*** Block opens ***
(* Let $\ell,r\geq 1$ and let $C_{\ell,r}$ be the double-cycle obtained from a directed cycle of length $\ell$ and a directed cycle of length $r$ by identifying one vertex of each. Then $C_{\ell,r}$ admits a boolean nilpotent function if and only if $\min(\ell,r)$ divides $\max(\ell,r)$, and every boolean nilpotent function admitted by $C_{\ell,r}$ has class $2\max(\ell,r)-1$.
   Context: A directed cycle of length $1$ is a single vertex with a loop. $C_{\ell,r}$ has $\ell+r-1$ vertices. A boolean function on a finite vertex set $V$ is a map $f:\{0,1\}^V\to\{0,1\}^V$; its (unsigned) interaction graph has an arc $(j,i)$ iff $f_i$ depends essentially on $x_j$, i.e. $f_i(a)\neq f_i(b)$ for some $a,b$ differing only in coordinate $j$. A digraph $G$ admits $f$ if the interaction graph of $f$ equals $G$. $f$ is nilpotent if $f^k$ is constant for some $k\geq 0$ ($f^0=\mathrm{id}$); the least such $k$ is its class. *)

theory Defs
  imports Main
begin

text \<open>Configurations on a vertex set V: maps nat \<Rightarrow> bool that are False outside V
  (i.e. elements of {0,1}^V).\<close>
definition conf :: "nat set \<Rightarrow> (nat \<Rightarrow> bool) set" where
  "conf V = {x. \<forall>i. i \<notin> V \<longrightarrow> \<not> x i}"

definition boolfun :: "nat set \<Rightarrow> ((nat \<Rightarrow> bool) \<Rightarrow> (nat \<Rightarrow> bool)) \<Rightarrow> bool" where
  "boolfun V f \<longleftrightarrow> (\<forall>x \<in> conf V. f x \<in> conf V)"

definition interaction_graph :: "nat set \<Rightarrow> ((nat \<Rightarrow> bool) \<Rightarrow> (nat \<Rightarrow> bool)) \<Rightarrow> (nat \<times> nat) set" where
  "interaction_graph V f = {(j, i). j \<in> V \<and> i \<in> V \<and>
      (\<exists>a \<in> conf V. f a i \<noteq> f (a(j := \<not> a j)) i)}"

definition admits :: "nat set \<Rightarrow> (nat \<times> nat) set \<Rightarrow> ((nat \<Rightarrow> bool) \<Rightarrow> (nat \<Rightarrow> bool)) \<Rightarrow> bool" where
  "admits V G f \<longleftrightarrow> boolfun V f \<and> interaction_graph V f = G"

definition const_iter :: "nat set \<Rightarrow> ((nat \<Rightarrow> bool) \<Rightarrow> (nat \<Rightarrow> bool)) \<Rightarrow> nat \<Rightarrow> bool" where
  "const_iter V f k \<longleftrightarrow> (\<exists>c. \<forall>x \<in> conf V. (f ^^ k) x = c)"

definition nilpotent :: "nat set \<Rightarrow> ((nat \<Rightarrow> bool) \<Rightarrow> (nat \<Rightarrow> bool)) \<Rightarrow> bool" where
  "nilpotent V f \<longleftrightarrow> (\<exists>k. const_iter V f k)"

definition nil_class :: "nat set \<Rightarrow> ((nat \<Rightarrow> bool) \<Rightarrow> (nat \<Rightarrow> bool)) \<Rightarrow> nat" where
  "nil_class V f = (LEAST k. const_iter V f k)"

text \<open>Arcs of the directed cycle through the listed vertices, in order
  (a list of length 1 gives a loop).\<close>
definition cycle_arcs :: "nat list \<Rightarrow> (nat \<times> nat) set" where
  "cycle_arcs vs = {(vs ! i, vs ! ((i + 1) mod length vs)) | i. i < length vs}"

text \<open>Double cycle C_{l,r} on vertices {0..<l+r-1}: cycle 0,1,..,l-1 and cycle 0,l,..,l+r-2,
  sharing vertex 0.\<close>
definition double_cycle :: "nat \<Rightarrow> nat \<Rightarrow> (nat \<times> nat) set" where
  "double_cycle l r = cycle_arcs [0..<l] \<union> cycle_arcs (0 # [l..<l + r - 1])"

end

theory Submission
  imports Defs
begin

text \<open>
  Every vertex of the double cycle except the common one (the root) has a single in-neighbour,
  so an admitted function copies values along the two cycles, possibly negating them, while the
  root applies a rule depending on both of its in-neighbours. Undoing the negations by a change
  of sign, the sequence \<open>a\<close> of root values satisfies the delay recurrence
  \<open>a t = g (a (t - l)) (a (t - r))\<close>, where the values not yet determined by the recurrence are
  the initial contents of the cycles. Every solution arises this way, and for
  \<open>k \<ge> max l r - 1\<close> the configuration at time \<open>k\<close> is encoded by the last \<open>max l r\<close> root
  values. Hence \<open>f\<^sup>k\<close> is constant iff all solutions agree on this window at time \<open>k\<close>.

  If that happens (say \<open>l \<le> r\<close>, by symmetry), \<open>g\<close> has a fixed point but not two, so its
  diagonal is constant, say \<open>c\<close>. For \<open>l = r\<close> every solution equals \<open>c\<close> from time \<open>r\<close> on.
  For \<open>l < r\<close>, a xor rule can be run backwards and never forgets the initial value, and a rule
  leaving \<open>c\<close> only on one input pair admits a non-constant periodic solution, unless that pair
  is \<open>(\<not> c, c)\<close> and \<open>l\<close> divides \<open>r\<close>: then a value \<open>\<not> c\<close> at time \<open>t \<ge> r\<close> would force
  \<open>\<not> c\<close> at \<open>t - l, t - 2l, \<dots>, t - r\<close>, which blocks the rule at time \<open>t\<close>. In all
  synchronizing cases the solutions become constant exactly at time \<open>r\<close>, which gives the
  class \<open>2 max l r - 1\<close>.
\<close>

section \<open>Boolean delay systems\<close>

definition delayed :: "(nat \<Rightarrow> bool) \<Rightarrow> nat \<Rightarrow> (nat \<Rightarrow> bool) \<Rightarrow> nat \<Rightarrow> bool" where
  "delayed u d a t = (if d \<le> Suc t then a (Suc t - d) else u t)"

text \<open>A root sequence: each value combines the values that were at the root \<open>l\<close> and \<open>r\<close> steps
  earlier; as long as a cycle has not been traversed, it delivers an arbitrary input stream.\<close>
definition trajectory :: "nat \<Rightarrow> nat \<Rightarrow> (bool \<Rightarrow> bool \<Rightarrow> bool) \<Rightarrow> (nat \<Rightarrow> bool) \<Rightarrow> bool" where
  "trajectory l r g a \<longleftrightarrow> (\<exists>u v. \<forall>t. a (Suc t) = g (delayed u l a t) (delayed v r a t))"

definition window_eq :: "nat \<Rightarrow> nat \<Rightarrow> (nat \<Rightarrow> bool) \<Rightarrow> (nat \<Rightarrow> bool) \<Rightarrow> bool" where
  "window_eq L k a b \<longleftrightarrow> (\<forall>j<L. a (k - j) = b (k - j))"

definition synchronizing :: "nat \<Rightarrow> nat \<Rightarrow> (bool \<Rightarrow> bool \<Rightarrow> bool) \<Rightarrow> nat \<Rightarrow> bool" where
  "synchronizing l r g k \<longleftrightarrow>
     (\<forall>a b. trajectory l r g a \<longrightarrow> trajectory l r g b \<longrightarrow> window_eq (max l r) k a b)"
*** Block closes ***
EXERCISE GOAL:
Retype all of the entries shown above, exactly.

EXERCISE OUTPUT:
(* Let $\ell,r\geq 1$ and let $C_{\ell,r}$ be the double-cycle obtained from a directed cycle of length $\ell$ and a directed cycle of length $r$ by identifying one vertex of each. Then $C_{\ell,r}$ admits a boolean nilpotent function if and only if $\min(\ell,r)$ divides $\max(\ell,r)$, and every boolean nilpotent function admitted by $C_{\ell,r}$ has class $2\max(\ell,r)-1$.
   Context: A directed cycle of length $1$ is a single vertex with a loop. $C_{\ell,r}$ has $\ell+r-1$ vertices. A boolean function on a finite vertex set $V$ is a map $f:\{0,1\}^V\to\{0,1\}^V$; its (unsigned) interaction graph has an arc $(j,i)$ iff $f_i$ depends essentially on $x_j$, i.e. $f_i(a)\neq f_i(b)$ for some $a,b$ differing only in coordinate $j$. A digraph $G$ admits $f$ if the interaction graph of $f$ equals $G$. $f$ is nilpotent if $f^k$ is constant for some $k\geq 0$ ($f^0=\mathrm{id}$); the least such $k$ is its class. *)

theory Defs
  imports Main
begin

text \<open>Configurations on a vertex set V: maps nat \<Rightarrow> bool that are False outside V
  (i.e. elements of {0,1}^V).\<close>
definition conf :: "nat set \<Rightarrow> (nat \<Rightarrow> bool) set" where
  "conf V = {x. \<forall>i. i \<notin> V \<longrightarrow> \<not> x i}"

definition boolfun :: "nat set \<Rightarrow> ((nat \<Rightarrow> bool) \<Rightarrow> (nat \<Rightarrow> bool)) \<Rightarrow> bool" where
  "boolfun V f \<longleftrightarrow> (\<forall>x \<in> conf V. f x \<in> conf V)"

definition interaction_graph :: "nat set \<Rightarrow> ((nat \<Rightarrow> bool) \<Rightarrow> (nat \<Rightarrow> bool)) \<Rightarrow> (nat \<times> nat) set" where
  "interaction_graph V f = {(j, i). j \<in> V \<and> i \<in> V \<and>
      (\<exists>a \<in> conf V. f a i \<noteq> f (a(j := \<not> a j)) i)}"

definition admits :: "nat set \<Rightarrow> (nat \<times> nat) set \<Rightarrow> ((nat \<Rightarrow> bool) \<Rightarrow> (nat \<Rightarrow> bool)) \<Rightarrow> bool" where
  "admits V G f \<longleftrightarrow> boolfun V f \<and> interaction_graph V f = G"

definition const_iter :: "nat set \<Rightarrow> ((nat \<Rightarrow> bool) \<Rightarrow> (nat \<Rightarrow> bool)) \<Rightarrow> nat \<Rightarrow> bool" where
  "const_iter V f k \<longleftrightarrow> (\<exists>c. \<forall>x \<in> conf V. (f ^^ k) x = c)"

definition nilpotent :: "nat set \<Rightarrow> ((nat \<Rightarrow> bool) \<Rightarrow> (nat \<Rightarrow> bool)) \<Rightarrow> bool" where
  "nilpotent V f \<longleftrightarrow> (\<exists>k. const_iter V f k)"

definition nil_class :: "nat set \<Rightarrow> ((nat \<Rightarrow> bool) \<Rightarrow> (nat \<Rightarrow> bool)) \<Rightarrow> nat" where
  "nil_class V f = (LEAST k. const_iter V f k)"

text \<open>Arcs of the directed cycle through the listed vertices, in order
  (a list of length 1 gives a loop).\<close>
definition cycle_arcs :: "nat list \<Rightarrow> (nat \<times> nat) set" where
  "cycle_arcs vs = {(vs ! i, vs ! ((i + 1) mod length vs)) | i. i < length vs}"

text \<open>Double cycle C_{l,r} on vertices {0..<l+r-1}: cycle 0,1,..,l-1 and cycle 0,l,..,l+r-2,
  sharing vertex 0.\<close>
definition double_cycle :: "nat \<Rightarrow> nat \<Rightarrow> (nat \<times> nat) set" where
  "double_cycle l r = cycle_arcs [0..<l] \<union> cycle_arcs (0 # [l..<l + r - 1])"

end

theory Submission
  imports Defs
begin

text \<open>
  Every vertex of the double cycle except the common one (the root) has a single in-neighbour,
  so an admitted function copies values along the two cycles, possibly negating them, while the
  root applies a rule depending on both of its in-neighbours. Undoing the negations by a change
  of sign, the sequence \<open>a\<close> of root values satisfies the delay recurrence
  \<open>a t = g (a (t - l)) (a (t - r))\<close>, where the values not yet determined by the recurrence are
  the initial contents of the cycles. Every solution arises this way, and for
  \<open>k \<ge> max l r - 1\<close> the configuration at time \<open>k\<close> is encoded by the last \<open>max l r\<close> root
  values. Hence \<open>f\<^sup>k\<close> is constant iff all solutions agree on this window at time \<open>k\<close>.

  If that happens (say \<open>l \<le> r\<close>, by symmetry), \<open>g\<close> has a fixed point but not two, so its
  diagonal is constant, say \<open>c\<close>. For \<open>l = r\<close> every solution equals \<open>c\<close> from time \<open>r\<close> on.
  For \<open>l < r\<close>, a xor rule can be run backwards and never forgets the initial value, and a rule
  leaving \<open>c\<close> only on one input pair admits a non-constant periodic solution, unless that pair
  is \<open>(\<not> c, c)\<close> and \<open>l\<close> divides \<open>r\<close>: then a value \<open>\<not> c\<close> at time \<open>t \<ge> r\<close> would force
  \<open>\<not> c\<close> at \<open>t - l, t - 2l, \<dots>, t - r\<close>, which blocks the rule at time \<open>t\<close>. In all
  synchronizing cases the solutions become constant exactly at time \<open>r\<close>, which gives the
  class \<open>2 max l r - 1\<close>.
\<close>

section \<open>Boolean delay systems\<close>

definition delayed :: "(nat \<Rightarrow> bool) \<Rightarrow> nat \<Rightarrow> (nat \<Rightarrow> bool) \<Rightarrow> nat \<Rightarrow> bool" where
  "delayed u d a t = (if d \<le> Suc t then a (Suc t - d) else u t)"

text \<open>A root sequence: each value combines the values that were at the root \<open>l\<close> and \<open>r\<close> steps
  earlier; as long as a cycle has not been traversed, it delivers an arbitrary input stream.\<close>
definition trajectory :: "nat \<Rightarrow> nat \<Rightarrow> (bool \<Rightarrow> bool \<Rightarrow> bool) \<Rightarrow> (nat \<Rightarrow> bool) \<Rightarrow> bool" where
  "trajectory l r g a \<longleftrightarrow> (\<exists>u v. \<forall>t. a (Suc t) = g (delayed u l a t) (delayed v r a t))"

definition window_eq :: "nat \<Rightarrow> nat \<Rightarrow> (nat \<Rightarrow> bool) \<Rightarrow> (nat \<Rightarrow> bool) \<Rightarrow> bool" where
  "window_eq L k a b \<longleftrightarrow> (\<forall>j<L. a (k - j) = b (k - j))"

definition synchronizing :: "nat \<Rightarrow> nat \<Rightarrow> (bool \<Rightarrow> bool \<Rightarrow> bool) \<Rightarrow> nat \<Rightarrow> bool" where
  "synchronizing l r g k \<longleftrightarrow>
     (\<forall>a b. trajectory l r g a \<longrightarrow> trajectory l r g b \<longrightarrow> window_eq (max l r) k a b)"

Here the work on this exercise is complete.